[Collected data]
::::::::::
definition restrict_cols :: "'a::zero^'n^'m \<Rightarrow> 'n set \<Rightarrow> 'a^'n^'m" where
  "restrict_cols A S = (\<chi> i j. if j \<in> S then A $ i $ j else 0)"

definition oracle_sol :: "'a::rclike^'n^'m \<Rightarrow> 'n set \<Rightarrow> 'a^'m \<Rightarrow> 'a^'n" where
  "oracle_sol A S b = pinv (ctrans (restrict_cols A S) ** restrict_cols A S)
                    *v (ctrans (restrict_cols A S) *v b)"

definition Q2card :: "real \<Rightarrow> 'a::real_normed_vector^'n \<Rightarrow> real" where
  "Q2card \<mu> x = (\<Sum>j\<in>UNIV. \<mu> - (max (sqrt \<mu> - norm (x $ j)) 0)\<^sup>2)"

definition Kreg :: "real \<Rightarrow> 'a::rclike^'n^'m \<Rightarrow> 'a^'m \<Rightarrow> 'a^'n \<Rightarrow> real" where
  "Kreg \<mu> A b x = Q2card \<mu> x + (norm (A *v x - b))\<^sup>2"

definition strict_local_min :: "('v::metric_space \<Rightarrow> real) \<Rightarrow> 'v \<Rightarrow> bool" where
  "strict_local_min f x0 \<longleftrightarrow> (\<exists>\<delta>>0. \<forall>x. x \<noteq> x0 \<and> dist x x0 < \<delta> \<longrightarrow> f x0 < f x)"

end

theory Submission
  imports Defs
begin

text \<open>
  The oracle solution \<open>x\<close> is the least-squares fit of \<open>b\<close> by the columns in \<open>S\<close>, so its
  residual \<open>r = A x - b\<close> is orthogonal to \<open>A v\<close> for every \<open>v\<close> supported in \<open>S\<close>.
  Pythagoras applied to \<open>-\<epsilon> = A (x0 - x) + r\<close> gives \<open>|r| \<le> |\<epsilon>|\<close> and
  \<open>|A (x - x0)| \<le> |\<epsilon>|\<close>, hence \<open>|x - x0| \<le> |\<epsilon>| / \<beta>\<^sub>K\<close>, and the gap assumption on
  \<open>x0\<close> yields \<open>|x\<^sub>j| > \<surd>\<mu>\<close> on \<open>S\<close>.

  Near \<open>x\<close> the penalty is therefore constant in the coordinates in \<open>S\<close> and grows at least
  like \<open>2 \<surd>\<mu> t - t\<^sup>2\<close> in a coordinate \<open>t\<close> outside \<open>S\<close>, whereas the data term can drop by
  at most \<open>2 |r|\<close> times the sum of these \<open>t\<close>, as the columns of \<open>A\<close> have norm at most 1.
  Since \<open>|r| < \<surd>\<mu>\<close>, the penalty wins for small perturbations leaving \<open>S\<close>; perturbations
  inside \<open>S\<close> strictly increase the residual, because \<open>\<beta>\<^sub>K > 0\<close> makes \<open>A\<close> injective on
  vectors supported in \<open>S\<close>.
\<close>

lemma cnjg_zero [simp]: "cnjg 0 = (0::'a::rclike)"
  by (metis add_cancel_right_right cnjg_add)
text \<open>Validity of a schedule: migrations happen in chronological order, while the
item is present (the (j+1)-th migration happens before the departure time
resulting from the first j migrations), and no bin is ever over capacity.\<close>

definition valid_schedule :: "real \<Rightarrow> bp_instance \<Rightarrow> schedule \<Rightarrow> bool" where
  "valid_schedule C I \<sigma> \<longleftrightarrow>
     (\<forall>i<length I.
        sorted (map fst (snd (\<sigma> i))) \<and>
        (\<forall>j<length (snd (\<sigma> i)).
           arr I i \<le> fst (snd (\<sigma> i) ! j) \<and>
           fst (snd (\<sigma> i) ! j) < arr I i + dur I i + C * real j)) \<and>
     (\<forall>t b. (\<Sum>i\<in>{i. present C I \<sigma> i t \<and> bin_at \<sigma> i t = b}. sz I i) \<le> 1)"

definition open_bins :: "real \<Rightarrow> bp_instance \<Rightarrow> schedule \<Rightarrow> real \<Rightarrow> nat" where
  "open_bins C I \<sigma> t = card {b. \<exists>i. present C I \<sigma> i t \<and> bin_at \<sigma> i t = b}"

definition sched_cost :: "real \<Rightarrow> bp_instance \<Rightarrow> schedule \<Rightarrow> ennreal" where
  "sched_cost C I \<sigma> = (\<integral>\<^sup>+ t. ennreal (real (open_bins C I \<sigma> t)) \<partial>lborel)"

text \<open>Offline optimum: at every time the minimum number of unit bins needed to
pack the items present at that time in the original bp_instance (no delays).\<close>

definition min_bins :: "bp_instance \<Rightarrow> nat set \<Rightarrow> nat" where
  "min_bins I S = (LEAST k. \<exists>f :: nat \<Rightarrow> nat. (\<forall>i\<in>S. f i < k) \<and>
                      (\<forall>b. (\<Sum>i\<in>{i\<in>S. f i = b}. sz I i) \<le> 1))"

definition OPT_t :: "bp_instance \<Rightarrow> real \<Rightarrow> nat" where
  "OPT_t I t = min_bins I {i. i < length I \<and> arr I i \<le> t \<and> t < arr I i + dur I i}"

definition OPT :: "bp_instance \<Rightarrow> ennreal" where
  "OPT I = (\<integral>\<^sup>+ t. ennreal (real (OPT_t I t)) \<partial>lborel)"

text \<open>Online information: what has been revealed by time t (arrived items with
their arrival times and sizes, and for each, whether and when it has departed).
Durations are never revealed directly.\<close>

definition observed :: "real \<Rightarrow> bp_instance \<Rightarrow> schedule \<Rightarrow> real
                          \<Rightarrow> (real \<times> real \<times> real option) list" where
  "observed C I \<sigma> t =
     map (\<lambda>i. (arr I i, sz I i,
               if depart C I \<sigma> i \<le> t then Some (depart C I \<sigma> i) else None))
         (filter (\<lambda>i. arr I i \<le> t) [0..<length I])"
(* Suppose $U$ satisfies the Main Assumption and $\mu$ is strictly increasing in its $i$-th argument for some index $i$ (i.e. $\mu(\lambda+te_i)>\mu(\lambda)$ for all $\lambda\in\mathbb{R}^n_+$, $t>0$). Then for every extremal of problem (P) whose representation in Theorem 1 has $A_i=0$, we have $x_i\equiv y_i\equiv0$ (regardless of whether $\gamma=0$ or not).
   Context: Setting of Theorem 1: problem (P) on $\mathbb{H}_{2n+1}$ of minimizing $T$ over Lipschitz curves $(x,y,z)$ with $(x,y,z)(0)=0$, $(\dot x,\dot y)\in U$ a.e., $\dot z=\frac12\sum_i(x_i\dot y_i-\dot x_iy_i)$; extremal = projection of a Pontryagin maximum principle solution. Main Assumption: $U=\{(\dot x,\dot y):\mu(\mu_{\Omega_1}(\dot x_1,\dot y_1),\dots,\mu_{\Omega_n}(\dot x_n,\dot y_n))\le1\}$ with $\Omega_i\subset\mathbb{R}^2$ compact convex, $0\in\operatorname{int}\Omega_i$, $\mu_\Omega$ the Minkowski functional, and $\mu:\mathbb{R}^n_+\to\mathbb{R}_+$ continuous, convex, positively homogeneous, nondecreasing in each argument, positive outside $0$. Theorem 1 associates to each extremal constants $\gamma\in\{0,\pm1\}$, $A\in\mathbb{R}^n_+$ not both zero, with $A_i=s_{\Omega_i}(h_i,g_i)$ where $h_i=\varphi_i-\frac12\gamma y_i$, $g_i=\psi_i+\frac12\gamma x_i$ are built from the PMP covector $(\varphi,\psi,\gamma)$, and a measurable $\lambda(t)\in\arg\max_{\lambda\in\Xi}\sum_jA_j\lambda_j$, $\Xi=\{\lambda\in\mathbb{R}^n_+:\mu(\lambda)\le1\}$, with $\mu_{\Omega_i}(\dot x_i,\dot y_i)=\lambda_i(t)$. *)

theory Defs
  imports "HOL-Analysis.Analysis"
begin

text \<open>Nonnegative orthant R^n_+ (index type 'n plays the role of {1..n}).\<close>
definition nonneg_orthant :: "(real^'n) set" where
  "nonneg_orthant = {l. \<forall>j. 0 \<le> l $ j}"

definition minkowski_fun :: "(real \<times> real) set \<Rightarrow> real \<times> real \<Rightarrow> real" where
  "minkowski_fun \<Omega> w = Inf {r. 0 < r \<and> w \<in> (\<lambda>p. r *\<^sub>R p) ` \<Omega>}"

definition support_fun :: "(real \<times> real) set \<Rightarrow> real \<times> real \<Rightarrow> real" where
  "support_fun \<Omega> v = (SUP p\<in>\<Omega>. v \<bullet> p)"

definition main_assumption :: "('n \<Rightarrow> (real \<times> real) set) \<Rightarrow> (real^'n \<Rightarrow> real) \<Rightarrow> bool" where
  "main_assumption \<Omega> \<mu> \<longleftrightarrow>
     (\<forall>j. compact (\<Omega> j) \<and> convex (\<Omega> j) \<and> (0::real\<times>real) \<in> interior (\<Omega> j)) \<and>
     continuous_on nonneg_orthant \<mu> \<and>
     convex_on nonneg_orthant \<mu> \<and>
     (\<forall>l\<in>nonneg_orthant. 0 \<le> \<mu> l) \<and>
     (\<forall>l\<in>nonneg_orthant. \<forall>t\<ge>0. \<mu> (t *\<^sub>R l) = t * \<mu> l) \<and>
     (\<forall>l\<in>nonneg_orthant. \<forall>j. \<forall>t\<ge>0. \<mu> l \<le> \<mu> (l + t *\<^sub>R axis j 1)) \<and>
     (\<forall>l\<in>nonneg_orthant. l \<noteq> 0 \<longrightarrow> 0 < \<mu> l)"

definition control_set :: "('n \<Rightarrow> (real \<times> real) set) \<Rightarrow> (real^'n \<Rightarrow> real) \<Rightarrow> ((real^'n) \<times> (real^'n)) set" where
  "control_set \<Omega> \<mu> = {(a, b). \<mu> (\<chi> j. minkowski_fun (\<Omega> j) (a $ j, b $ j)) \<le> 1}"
::::::::::
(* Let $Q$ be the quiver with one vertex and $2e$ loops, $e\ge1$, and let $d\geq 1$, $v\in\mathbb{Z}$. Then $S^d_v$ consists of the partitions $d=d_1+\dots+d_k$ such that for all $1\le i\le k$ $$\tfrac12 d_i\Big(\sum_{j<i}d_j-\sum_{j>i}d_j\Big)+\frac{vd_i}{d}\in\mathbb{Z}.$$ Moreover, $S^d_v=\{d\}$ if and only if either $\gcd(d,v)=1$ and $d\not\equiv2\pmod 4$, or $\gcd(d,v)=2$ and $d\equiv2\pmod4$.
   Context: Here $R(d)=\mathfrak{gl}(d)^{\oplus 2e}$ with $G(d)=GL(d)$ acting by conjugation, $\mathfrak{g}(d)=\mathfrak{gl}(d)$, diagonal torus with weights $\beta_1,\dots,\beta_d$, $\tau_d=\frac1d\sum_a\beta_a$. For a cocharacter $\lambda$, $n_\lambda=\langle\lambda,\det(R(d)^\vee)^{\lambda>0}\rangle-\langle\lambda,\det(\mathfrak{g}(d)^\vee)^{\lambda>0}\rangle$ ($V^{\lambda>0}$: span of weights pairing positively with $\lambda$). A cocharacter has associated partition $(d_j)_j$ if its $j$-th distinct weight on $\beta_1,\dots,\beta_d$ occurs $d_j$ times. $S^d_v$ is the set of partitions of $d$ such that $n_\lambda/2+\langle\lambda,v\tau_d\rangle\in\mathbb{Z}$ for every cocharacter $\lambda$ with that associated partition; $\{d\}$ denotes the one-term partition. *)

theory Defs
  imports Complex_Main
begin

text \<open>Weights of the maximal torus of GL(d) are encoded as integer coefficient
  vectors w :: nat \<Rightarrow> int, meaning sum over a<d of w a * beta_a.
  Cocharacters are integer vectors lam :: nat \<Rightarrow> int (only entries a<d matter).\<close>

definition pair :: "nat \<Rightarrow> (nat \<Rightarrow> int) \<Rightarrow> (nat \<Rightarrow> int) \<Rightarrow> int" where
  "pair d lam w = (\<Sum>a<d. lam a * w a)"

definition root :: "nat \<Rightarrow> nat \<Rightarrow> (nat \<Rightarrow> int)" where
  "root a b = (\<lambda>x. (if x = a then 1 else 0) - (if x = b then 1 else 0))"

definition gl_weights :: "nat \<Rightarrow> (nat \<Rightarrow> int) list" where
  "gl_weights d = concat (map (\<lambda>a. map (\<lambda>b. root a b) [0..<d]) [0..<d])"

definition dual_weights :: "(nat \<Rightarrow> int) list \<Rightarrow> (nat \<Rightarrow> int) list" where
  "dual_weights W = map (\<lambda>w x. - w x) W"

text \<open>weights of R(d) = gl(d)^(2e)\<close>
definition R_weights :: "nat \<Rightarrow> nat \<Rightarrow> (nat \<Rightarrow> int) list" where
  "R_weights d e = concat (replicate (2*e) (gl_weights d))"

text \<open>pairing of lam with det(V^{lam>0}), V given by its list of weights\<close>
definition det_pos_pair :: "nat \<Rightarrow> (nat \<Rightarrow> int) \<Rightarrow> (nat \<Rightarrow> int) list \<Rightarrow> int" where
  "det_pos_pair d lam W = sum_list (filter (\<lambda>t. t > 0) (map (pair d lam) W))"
::::::::::
> What you should do:
Please copy the lines above from the line with "item is present" up to and including the line with "resulting from the", exactly as written and with nothing else.

> Output below:
item is present (the (j+1)-th migration happens before the departure time
resulting from the first j migrations), and no bin is ever over capacity.\<close>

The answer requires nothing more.